What you have to do: Look through the entries below and show every line containing the word "imports".

______

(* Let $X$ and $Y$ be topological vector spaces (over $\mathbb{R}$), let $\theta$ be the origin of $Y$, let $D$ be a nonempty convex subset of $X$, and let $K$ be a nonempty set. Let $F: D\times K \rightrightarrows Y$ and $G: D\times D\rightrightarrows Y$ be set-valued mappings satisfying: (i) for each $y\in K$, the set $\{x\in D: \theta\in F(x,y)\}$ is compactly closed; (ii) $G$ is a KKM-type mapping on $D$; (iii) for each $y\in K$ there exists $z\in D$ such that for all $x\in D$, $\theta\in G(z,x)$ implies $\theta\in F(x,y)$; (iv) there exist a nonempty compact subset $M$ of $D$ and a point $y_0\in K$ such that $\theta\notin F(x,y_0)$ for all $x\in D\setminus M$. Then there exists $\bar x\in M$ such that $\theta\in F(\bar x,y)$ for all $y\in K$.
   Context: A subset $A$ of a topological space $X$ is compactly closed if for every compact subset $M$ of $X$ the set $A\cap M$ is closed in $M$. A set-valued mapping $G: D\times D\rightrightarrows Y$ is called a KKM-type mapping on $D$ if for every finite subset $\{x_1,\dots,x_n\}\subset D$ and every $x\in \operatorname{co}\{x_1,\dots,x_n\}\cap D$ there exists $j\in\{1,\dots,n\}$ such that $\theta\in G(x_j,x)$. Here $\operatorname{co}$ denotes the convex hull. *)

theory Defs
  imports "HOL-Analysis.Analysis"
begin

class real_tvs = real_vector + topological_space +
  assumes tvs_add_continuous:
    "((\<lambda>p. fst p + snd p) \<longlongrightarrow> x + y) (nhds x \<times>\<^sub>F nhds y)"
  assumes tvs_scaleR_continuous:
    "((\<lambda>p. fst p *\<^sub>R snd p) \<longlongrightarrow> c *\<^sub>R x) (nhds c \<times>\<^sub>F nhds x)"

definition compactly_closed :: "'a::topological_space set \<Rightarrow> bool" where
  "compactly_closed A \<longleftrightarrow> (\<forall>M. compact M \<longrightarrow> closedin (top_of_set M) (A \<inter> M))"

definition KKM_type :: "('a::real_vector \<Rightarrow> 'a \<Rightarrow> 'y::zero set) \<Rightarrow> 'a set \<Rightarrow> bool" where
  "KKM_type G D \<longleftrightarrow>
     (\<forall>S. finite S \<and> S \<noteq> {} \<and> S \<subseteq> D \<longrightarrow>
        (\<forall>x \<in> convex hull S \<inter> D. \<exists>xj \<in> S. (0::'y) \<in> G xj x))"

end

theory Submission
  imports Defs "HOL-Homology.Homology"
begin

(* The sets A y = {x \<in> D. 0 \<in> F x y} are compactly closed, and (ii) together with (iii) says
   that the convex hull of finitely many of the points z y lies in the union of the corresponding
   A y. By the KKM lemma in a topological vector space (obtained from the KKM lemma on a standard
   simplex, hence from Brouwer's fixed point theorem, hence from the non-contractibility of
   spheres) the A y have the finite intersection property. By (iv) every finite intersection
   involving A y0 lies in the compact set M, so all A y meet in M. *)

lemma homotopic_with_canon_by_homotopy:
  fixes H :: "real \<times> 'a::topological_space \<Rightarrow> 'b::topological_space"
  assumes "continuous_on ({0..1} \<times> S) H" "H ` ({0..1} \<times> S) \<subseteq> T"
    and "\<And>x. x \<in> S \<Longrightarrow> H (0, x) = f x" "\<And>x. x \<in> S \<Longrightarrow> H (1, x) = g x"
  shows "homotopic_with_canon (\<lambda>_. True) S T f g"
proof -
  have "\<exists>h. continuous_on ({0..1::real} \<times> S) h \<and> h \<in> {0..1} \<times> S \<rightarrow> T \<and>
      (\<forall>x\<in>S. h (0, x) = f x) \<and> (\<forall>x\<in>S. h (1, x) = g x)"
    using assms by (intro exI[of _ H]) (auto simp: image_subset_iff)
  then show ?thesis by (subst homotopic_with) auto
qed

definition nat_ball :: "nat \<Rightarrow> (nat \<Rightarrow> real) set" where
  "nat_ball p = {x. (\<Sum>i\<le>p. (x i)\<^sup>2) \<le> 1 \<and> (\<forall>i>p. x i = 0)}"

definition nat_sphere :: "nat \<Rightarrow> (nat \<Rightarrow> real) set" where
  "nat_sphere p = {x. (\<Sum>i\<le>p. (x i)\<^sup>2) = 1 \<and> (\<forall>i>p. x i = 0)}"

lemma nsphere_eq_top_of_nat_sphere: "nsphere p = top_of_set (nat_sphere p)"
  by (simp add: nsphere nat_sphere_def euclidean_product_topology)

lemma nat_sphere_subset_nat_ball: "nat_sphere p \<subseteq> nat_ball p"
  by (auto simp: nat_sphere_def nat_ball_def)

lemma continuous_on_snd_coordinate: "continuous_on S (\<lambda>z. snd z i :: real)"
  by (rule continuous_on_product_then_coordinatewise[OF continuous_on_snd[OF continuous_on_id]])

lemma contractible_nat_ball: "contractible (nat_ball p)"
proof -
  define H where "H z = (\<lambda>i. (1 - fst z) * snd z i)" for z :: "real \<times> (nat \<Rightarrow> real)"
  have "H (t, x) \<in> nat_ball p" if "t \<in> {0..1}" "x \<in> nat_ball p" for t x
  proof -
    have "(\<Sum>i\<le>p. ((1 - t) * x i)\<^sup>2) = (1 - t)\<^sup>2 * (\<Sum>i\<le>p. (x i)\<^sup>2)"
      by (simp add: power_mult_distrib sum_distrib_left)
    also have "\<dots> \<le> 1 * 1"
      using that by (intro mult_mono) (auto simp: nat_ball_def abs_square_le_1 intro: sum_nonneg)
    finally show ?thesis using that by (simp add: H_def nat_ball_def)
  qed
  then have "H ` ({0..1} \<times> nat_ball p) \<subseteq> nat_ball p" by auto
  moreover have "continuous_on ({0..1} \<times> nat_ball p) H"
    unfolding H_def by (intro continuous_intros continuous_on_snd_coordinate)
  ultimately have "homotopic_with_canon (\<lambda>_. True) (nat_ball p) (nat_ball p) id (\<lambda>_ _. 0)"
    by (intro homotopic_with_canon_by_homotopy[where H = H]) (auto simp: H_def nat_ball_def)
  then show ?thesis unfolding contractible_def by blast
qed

______

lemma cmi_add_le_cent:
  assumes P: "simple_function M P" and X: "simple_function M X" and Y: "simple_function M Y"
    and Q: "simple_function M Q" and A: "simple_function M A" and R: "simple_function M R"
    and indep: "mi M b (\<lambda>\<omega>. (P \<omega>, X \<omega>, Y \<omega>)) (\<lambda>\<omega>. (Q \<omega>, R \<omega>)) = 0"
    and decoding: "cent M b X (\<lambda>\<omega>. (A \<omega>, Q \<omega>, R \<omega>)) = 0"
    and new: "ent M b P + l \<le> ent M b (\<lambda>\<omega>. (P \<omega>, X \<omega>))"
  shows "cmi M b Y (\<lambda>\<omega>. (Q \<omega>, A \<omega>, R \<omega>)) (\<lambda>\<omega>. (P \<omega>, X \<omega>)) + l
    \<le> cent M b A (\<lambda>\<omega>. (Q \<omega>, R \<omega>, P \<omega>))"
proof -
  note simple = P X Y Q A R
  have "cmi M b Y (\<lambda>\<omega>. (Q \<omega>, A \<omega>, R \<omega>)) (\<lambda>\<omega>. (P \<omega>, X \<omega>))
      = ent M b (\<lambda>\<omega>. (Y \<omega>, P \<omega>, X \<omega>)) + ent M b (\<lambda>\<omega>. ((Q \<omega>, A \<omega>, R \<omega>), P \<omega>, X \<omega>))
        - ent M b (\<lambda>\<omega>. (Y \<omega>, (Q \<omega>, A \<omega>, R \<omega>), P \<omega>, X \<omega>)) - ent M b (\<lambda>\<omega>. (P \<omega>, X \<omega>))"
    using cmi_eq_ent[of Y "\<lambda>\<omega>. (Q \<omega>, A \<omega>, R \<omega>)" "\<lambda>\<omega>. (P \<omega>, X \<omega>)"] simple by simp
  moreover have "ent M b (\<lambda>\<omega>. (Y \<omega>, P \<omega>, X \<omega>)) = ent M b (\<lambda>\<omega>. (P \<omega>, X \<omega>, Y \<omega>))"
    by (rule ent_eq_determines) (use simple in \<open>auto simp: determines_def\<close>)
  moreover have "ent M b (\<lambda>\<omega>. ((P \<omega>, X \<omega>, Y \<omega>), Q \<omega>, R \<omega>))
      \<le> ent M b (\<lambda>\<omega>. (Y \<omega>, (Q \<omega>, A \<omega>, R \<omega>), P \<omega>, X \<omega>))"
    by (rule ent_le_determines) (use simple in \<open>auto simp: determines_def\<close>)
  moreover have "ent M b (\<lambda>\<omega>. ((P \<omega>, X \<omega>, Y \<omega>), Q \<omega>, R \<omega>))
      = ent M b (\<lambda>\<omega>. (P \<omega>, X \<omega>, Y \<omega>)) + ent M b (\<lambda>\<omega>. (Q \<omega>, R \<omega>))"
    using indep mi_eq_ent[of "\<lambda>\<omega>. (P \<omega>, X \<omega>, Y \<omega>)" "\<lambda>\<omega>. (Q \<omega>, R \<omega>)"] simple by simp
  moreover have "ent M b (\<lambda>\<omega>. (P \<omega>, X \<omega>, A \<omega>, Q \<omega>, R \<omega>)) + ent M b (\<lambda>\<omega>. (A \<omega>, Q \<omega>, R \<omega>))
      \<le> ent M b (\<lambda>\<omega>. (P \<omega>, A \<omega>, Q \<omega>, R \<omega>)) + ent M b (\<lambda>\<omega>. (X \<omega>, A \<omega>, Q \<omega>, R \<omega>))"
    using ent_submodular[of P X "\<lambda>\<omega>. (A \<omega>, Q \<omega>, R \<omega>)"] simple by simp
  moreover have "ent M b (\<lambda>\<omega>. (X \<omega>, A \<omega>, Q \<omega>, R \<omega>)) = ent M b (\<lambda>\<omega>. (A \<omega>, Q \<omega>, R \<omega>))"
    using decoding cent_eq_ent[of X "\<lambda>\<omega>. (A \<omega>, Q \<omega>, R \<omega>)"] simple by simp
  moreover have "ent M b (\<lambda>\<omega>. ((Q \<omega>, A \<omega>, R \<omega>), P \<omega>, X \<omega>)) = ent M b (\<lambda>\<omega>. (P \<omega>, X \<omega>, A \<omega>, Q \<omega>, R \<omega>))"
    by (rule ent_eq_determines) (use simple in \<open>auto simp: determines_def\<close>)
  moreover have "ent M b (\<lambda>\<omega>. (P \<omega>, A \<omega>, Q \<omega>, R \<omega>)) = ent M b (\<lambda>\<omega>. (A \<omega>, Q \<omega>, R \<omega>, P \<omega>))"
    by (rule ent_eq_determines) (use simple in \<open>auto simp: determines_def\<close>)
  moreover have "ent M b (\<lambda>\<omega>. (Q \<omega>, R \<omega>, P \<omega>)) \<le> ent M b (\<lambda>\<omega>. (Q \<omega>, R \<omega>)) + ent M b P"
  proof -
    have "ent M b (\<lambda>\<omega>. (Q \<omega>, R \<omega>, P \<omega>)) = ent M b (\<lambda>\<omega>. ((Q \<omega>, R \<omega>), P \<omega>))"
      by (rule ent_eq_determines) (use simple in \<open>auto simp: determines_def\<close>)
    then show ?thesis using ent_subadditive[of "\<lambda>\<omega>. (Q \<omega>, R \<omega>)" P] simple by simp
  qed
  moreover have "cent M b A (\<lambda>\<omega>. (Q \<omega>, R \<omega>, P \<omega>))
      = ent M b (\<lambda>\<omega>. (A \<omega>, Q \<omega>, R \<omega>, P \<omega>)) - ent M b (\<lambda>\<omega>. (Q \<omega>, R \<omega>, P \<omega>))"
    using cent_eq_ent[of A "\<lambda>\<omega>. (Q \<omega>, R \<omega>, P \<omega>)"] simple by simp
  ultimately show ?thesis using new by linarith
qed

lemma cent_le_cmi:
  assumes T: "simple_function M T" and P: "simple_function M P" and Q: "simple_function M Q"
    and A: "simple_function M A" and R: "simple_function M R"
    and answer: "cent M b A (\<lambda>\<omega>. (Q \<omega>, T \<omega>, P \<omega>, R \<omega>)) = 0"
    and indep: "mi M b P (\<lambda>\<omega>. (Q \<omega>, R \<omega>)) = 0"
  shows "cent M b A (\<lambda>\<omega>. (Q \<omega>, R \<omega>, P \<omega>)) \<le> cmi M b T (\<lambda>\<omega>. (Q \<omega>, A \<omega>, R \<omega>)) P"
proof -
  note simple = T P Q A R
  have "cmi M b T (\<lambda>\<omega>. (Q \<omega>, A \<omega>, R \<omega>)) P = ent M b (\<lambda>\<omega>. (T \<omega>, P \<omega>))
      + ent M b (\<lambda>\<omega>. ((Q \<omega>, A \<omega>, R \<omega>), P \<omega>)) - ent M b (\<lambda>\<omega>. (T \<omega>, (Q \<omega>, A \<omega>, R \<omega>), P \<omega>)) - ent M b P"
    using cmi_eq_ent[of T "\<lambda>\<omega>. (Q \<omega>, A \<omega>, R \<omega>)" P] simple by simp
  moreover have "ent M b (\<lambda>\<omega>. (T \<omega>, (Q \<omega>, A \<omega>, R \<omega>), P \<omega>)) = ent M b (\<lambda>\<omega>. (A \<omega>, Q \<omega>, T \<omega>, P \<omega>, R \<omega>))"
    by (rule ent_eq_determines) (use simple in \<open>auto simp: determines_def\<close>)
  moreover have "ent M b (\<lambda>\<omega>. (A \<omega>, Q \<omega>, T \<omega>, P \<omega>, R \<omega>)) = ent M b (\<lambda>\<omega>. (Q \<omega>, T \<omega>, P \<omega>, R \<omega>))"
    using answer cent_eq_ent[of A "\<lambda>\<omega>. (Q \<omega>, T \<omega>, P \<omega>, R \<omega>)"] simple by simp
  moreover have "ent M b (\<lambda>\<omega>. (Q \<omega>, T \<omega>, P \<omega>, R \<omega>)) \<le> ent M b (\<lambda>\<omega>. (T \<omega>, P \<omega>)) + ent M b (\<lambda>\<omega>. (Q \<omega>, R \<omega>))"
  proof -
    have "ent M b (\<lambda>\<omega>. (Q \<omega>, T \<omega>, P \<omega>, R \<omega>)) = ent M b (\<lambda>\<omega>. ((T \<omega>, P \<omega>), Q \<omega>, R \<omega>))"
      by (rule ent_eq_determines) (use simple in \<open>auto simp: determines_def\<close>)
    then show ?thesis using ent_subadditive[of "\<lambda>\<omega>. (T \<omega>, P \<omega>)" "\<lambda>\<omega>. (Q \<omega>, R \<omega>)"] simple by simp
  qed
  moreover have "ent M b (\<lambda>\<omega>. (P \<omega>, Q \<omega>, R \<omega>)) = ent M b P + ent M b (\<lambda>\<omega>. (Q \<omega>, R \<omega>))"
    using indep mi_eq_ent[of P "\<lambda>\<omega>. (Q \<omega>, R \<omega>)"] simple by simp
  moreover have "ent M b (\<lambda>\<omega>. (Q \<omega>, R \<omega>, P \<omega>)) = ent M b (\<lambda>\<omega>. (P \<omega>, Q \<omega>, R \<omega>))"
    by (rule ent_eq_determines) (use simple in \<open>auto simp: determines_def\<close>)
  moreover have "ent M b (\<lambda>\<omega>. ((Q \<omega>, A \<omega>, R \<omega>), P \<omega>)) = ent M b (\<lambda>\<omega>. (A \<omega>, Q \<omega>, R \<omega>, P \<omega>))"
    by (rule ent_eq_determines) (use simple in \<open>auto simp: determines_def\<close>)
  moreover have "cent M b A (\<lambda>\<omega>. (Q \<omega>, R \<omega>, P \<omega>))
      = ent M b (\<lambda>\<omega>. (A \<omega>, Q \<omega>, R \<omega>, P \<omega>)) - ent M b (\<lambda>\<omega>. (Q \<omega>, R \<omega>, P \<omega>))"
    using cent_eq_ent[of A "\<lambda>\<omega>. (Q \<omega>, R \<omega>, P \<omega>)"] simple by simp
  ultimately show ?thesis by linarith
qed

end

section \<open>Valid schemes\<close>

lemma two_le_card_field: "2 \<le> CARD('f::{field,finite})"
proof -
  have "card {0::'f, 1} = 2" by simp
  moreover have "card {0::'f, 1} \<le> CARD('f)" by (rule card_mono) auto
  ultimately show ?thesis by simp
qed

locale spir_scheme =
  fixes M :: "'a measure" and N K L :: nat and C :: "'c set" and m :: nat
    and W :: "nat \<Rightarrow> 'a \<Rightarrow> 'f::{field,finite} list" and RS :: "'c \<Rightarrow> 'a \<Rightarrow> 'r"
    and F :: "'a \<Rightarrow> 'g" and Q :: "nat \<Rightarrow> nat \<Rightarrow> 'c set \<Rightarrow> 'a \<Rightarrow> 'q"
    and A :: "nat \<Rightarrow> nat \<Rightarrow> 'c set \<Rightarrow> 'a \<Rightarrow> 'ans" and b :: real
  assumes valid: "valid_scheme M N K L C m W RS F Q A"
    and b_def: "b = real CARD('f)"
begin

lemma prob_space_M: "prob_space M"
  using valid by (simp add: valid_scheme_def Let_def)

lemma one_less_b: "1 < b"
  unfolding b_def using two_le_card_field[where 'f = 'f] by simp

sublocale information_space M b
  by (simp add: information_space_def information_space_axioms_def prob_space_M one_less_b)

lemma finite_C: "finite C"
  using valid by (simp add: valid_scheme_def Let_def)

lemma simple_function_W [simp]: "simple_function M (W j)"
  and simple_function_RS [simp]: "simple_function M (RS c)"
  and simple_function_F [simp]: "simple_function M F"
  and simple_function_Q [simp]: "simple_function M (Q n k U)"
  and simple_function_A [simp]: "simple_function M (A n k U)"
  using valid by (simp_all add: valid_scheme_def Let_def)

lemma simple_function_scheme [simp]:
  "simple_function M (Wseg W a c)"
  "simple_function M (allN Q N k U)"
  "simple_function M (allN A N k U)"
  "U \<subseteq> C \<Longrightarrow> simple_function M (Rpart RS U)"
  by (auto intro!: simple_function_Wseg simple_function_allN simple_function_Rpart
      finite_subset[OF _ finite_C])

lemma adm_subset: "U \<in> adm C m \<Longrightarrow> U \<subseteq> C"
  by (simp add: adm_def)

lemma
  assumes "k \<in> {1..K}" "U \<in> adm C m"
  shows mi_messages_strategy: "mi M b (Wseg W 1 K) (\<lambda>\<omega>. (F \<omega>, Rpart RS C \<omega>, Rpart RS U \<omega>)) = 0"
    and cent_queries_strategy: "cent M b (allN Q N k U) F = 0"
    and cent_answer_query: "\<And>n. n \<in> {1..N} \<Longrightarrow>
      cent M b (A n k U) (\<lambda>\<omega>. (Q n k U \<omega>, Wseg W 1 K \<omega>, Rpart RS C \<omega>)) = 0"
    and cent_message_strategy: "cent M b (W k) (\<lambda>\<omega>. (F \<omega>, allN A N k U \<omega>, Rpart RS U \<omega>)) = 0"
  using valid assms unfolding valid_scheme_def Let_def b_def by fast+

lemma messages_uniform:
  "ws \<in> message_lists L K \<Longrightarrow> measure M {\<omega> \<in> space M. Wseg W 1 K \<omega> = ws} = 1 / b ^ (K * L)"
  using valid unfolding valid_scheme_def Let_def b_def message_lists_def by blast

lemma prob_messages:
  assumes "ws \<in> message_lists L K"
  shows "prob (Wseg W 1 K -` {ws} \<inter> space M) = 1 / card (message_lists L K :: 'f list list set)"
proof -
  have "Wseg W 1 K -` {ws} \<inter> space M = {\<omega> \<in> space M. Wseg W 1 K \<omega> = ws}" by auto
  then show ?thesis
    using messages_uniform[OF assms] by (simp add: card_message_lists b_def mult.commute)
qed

______

Result for this exercise:
  imports "HOL-Analysis.Analysis"
  imports Defs "HOL-Homology.Homology"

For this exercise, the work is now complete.